Local officials described practical problems. Natrona County and Mills municipal leaders said projects such as Dyno Solar and Natrium have long lead times between permitting and construction, and local fire districts sometimes must buy trucks years in advance. "Impacts are immediate; payments are not," Mayor Juarez of Mills said, noting his city had committed more than $323,000 for emergency equipment while awaiting reimbursements. County commissioners argued for bonds held by the state so communities are not left carrying the cost if a developer delays or abandons a project.

Industry and others warned against an inflexible one-size-fits-all bond requirement. Craig Roode, who represents a Trona mining operation planning a multibillion-dollar expansion, said companies operate on tight margins and that large upfront bonding could deter projects or create stranded equipment if market conditions change. Several witnesses suggested a middle path: identify long-lead items that justify upfront funding (for example, specialized trucks or lift stations) and allow the council to require bonds or prepayments tailored to a project’s needs.

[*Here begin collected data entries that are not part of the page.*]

lemma summable_norm_sqrt_one_minus:
  fixes s :: "'a::{real_normed_algebra_1,banach}"
  assumes "norm s < 1"
  shows "summable (\<lambda>k. norm (sqrt_one_minus_coeff k *\<^sub>R s ^ k))"
proof (rule summable_comparison_test)
  have "norm (sqrt_one_minus_coeff k *\<^sub>R s ^ k) \<le> 1 * norm s ^ k" for k
    unfolding norm_scaleR sqrt_one_minus_coeff_def abs_mult
    by (intro mult_mono) (auto simp: abs_gbinomial_half_le_1 norm_power_ineq)
  then show "\<exists>N. \<forall>k\<ge>N. norm (norm (sqrt_one_minus_coeff k *\<^sub>R s ^ k)) \<le> norm s ^ k"
    by (intro exI[of _ 0]) simp
  show "summable (\<lambda>k. norm s ^ k)"
    using assms by (simp add: summable_geometric)
qed

lemma sqrt_one_minus_coeff_convolution:
  "(\<Sum>i\<le>k. sqrt_one_minus_coeff i * sqrt_one_minus_coeff (k - i))
     = (if k = 0 then 1 else if k = 1 then -1 else 0)"
proof -
  have "(\<Sum>i\<le>k. sqrt_one_minus_coeff i * sqrt_one_minus_coeff (k - i))
      = (\<Sum>i\<in>{0..k}. (-1) ^ k * (((1/2::real) gchoose i) * ((1/2) gchoose (k - i))))"
  proof (rule sum.cong)
    fix i assume "i \<in> {0..k}"
    then have "(-1::real) ^ i * (-1) ^ (k - i) = (-1) ^ k" by (simp add: power_add[symmetric])
    then show "sqrt_one_minus_coeff i * sqrt_one_minus_coeff (k - i)
        = (-1) ^ k * (((1/2::real) gchoose i) * ((1/2) gchoose (k - i)))"
      unfolding sqrt_one_minus_coeff_def by (metis mult.assoc mult.left_commute)
  qed (auto simp: atLeast0AtMost)
  also have "\<dots> = (-1) ^ k * ((1::real) gchoose k)"
    by (simp add: sum_distrib_left[symmetric] gbinomial_Vandermonde)
  also have "\<dots> = (if k = 0 then 1 else if k = 1 then -1 else 0)"
    using binomial_gbinomial[of 1 k, where 'a=real] by (auto simp: binomial_eq_0)
  finally show ?thesis .
qed

lemma sqrt_one_minus_square:
  fixes s :: "'a::{real_normed_algebra_1,banach}"
  assumes "norm s < 1"
  shows "sqrt_one_minus s * sqrt_one_minus s = 1 - s"
proof -
  define t where "t k = sqrt_one_minus_coeff k *\<^sub>R s ^ k" for k
  have "(\<lambda>k. \<Sum>i\<le>k. t i * t (k - i)) sums (sqrt_one_minus s * sqrt_one_minus s)"
    unfolding sqrt_one_minus_def t_def
    by (intro Cauchy_product_sums summable_norm_sqrt_one_minus assms)
  moreover have "(\<Sum>i\<le>k. t i * t (k - i)) = (if k = 0 then 1 else if k = 1 then - s else 0)" for k
  proof -
    have "(\<Sum>i\<le>k. t i * t (k - i))
        = (\<Sum>i\<le>k. sqrt_one_minus_coeff i * sqrt_one_minus_coeff (k - i)) *\<^sub>R s ^ k"
      by (auto simp: t_def scaleR_sum_left power_add[symmetric] intro!: sum.cong)
    then show ?thesis by (simp add: sqrt_one_minus_coeff_convolution)
  qed
  moreover have "(\<lambda>k. if k = 0 then 1 else if k = 1 then - s else 0) sums (1 - s)"
    using sums_finite[of "{0, 1}" "\<lambda>k. if k = 0 then 1 else if k = 1 then - s else 0"] by simp
  ultimately show ?thesis by (simp add: sums_unique2)
qed

lemma sqrt_one_minus_commute:
  fixes s :: "'a::{real_normed_algebra_1,banach}"
  assumes "norm s < 1" and "s * h = h * s"
  shows "sqrt_one_minus s * h = h * sqrt_one_minus s"
proof -
  have sum: "summable (\<lambda>k. sqrt_one_minus_coeff k *\<^sub>R s ^ k)"
    by (rule summable_norm_cancel[OF summable_norm_sqrt_one_minus[OF assms(1)]])
  have "sqrt_one_minus s * h = (\<Sum>k. sqrt_one_minus_coeff k *\<^sub>R s ^ k * h)"
    unfolding sqrt_one_minus_def by (rule suminf_mult2[OF sum])
  also have "\<dots> = (\<Sum>k. h * (sqrt_one_minus_coeff k *\<^sub>R s ^ k))"
    by (simp add: power_commuting_commutes[OF assms(2)])
  also have "\<dots> = h * sqrt_one_minus s"
    unfolding sqrt_one_minus_def by (rule suminf_mult[OF sum])
  finally show ?thesis .
qed

lemma adj_sqrt_one_minus:
  fixes s :: "'a::cstar_algebra"
  assumes "norm s < 1" and "adj s = s"
  shows "adj (sqrt_one_minus s) = sqrt_one_minus s"
  using bounded_linear.suminf[OF bounded_linear_adj
      summable_norm_cancel[OF summable_norm_sqrt_one_minus[OF assms(1)]]]
  by (simp add: sqrt_one_minus_def adj_scaleR adj_power assms(2))

text \<open>\<open>a + i b\<close> is unitary, hence of norm 1, and \<open>a\<close> is its real part.\<close>

lemma norm_le_1_if_sum_squares_eq_1:
  fixes a b :: "'a::cstar_algebra"
  assumes ab: "a * a + b * b = 1" and sa: "adj a = a" and sb: "adj b = b" and comm: "a * b = b * a"
  shows "norm a \<le> 1"
proof -
  define c where "c = a + \<i> *\<^sub>C b"
  have adjc: "adj c = a + (- \<i>) *\<^sub>C b"
    by (simp add: c_def adj_add adj_scaleC sa sb)
  have "adj c * c = (a + (- \<i>) *\<^sub>C b) * (a + \<i> *\<^sub>C b)"
    using adjc by (simp add: c_def)
  also have "\<dots> = a * a + a * (\<i> *\<^sub>C b) + ((- \<i>) *\<^sub>C b) * a + ((- \<i>) *\<^sub>C b) * (\<i> *\<^sub>C b)"
    by (simp only: distrib_left distrib_right add_ac)
  also have "\<dots> = a * a + \<i> *\<^sub>C (a * b) + (- \<i>) *\<^sub>C (b * a) + (\<i> * (- \<i>)) *\<^sub>C (b * b)"
    by (simp only: mult_scaleC_left mult_scaleC_right scaleC_scaleC)
  also have "\<dots> = 1"
    by (simp add: comm scaleC_minus_left scaleC_one ab)
  finally have "(norm c)\<^sup>2 = 1" using cstar_identity[of c] by (simp add: power2_eq_square)
  then have nc: "norm c = 1" using norm_ge_zero[of c] by (auto simp: power2_eq_1_iff)
  have "2 *\<^sub>R a = c + adj c"
    using adjc by (simp add: c_def scaleR_2 scaleC_minus_left)
  then have "norm (2 *\<^sub>R a) \<le> norm c + norm (adj c)"
    by (metis norm_triangle_ineq)
  then show ?thesis using nc by simp
qed

lemma norm_unital_star_hom_self_adjoint_le_1:
  fixes \<phi> :: "'a::cstar_algebra \<Rightarrow> 'b::cstar_algebra"
  assumes hom: "unital_star_hom \<phi>" and sa: "adj h = h" and nh: "norm h < 1"
  shows "norm (\<phi> h) \<le> 1"
proof -
  have "norm (h * h) \<le> norm h * norm h" by (rule norm_mult_ineq)
  also have "\<dots> \<le> norm h" using nh by (intro mult_left_le_one_le) simp_all
  finally have ns: "norm (h * h) < 1" using nh by simp
  define y where "y = sqrt_one_minus (h * h)"
  have y: "h * h + y * y = 1" "adj y = y" "y * h = h * y"
    unfolding y_def
    by (simp_all add: sqrt_one_minus_square[OF ns] adj_sqrt_one_minus[OF ns] adj_mult sa
        sqrt_one_minus_commute[OF ns, of h] mult.assoc)
  show ?thesis
  proof (rule norm_le_1_if_sum_squares_eq_1[where b="\<phi> y"])
    show "\<phi> h * \<phi> h + \<phi> y * \<phi> y = 1"
      using y(1) hom by (metis unital_star_hom_add unital_star_hom_mult unital_star_hom_one)
    show "adj (\<phi> h) = \<phi> h" "adj (\<phi> y) = \<phi> y"
      using hom sa y(2) by (metis unital_star_hom_adj)+
    show "\<phi> h * \<phi> y = \<phi> y * \<phi> h" using hom y(3) by (metis unital_star_hom_mult)
  qed
qed

lemma norm_unital_star_hom_self_adjoint_le:
  fixes \<phi> :: "'a::cstar_algebra \<Rightarrow> 'b::cstar_algebra"
  assumes hom: "unital_star_hom \<phi>" and sa: "adj h = h"
  shows "norm (\<phi> h) \<le> norm h"
proof (rule dense_ge)
  fix t :: real
  assume t: "norm h < t"
  then have tp: "t > 0" using norm_ge_zero[of h] by linarith
  have "norm (\<phi> ((1/t) *\<^sub>R h)) \<le> 1"
    using tp t by (intro norm_unital_star_hom_self_adjoint_le_1[OF hom]) (simp_all add: adj_scaleR sa)
  then show "norm (\<phi> h) \<le> t"
    using tp by (simp add: unital_star_hom_scaleR[OF hom] field_simps)
qed

lemma norm_unital_star_hom_le:
  fixes \<phi> :: "'a::cstar_algebra \<Rightarrow> 'b::cstar_algebra"
  assumes hom: "unital_star_hom \<phi>"
  shows "norm (\<phi> x) \<le> norm x"
proof -
  have "norm (\<phi> x) * norm (\<phi> x) = norm (\<phi> (adj x * x))"
    using hom by (simp add: cstar_identity unital_star_hom_mult unital_star_hom_adj)
  also have "\<dots> \<le> norm (adj x * x)"
    by (rule norm_unital_star_hom_self_adjoint_le[OF hom]) (simp add: adj_mult adj_adj)
  also have "\<dots> = norm x * norm x" by (simp add: cstar_identity)
  finally have "(norm (\<phi> x))\<^sup>2 \<le> (norm x)\<^sup>2" by (simp add: power2_eq_square)
  then show ?thesis by (rule power2_le_imp_le) simp
qed

lemma norm_unital_star_hom_diff_le:
  fixes \<phi> :: "'a::cstar_algebra \<Rightarrow> 'b::cstar_algebra"
  assumes "unital_star_hom \<phi>"
  shows "norm (\<phi> x - \<phi> y) \<le> norm (x - y)"
  using norm_unital_star_hom_le[OF assms, of "x - y"] by (simp add: unital_star_hom_diff[OF assms])

lemma continuous_on_unital_star_hom:
  fixes \<phi> :: "'a::cstar_algebra \<Rightarrow> 'b::cstar_algebra"
  assumes "unital_star_hom \<phi>"
  shows "continuous_on S \<phi>"
proof -
  have "bounded_linear \<phi>"
    by (rule bounded_linear_intro[where K=1])
       (use assms in \<open>auto simp: unital_star_hom_add unital_star_hom_scaleR norm_unital_star_hom_le\<close>)
  then show ?thesis by (simp add: linear_continuous_on)
qed

lemma unital_star_hom_eqI_dense:
  fixes \<phi> \<psi> :: "'a::cstar_algebra \<Rightarrow> 'b::cstar_algebra"
  assumes hom: "unital_star_hom \<phi>" "unital_star_hom \<psi>"
    and dense: "closure (star_alg_gen G) = UNIV" and eq: "\<forall>x\<in>G. \<phi> x = \<psi> x"
  shows "\<phi> a = \<psi> a"
proof -
  have "star_alg_gen G \<subseteq> {x. \<phi> x = \<psi> x}"
  proof
    fix x assume "x \<in> star_alg_gen G"
    then show "x \<in> {x. \<phi> x = \<psi> x}"
      by induction
         (use eq hom in \<open>simp_all add: unital_star_hom_one unital_star_hom_add
            unital_star_hom_mult unital_star_hom_scaleC unital_star_hom_adj\<close>)
  qed
  moreover have "closed {x. \<phi> x = \<psi> x}"
    by (intro closed_Collect_eq continuous_on_unital_star_hom hom)
  ultimately have "closure (star_alg_gen G) \<subseteq> {x. \<phi> x = \<psi> x}"
    by (rule closure_minimal)
  then show ?thesis using dense by auto
qed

Committee members debated language from prior working drafts (LSO proposals identified in committee materials). Representative Lawley moved to request LSO redraft a proposal (LSO 70) that would allow prepayments or bonding for immediate impact needs; the amended motion failed on a committee hand-count. Earlier in the session the committee did approve a separate motion to prepare a bill draft to move consensus grant session law into statute and to gather stakeholder input on statutory changes relating to economic-development programs.

DEQ staff suggested statutory clarifications for exemptions (industrial parks, sovereign zones and certain mine-site exemptions) and recommended moving bond-determination authority from the director to the council, so membership could judge financial-assurance needs after reviewing permit hearings.

The committee did not adopt a binding change at this meeting but directed staff to continue work and scheduled the issue for the next interim meeting; members signaled divergent views on the acceptable size and structure of any upfront bond or prepayment program and asked DEQ and stakeholders to refine proposals.

Next steps, according to the chair: the committee will consider refined bill drafts, additional stakeholder feedback and specific language designating which costs qualify for upfront funds or bonding at its upcoming meeting.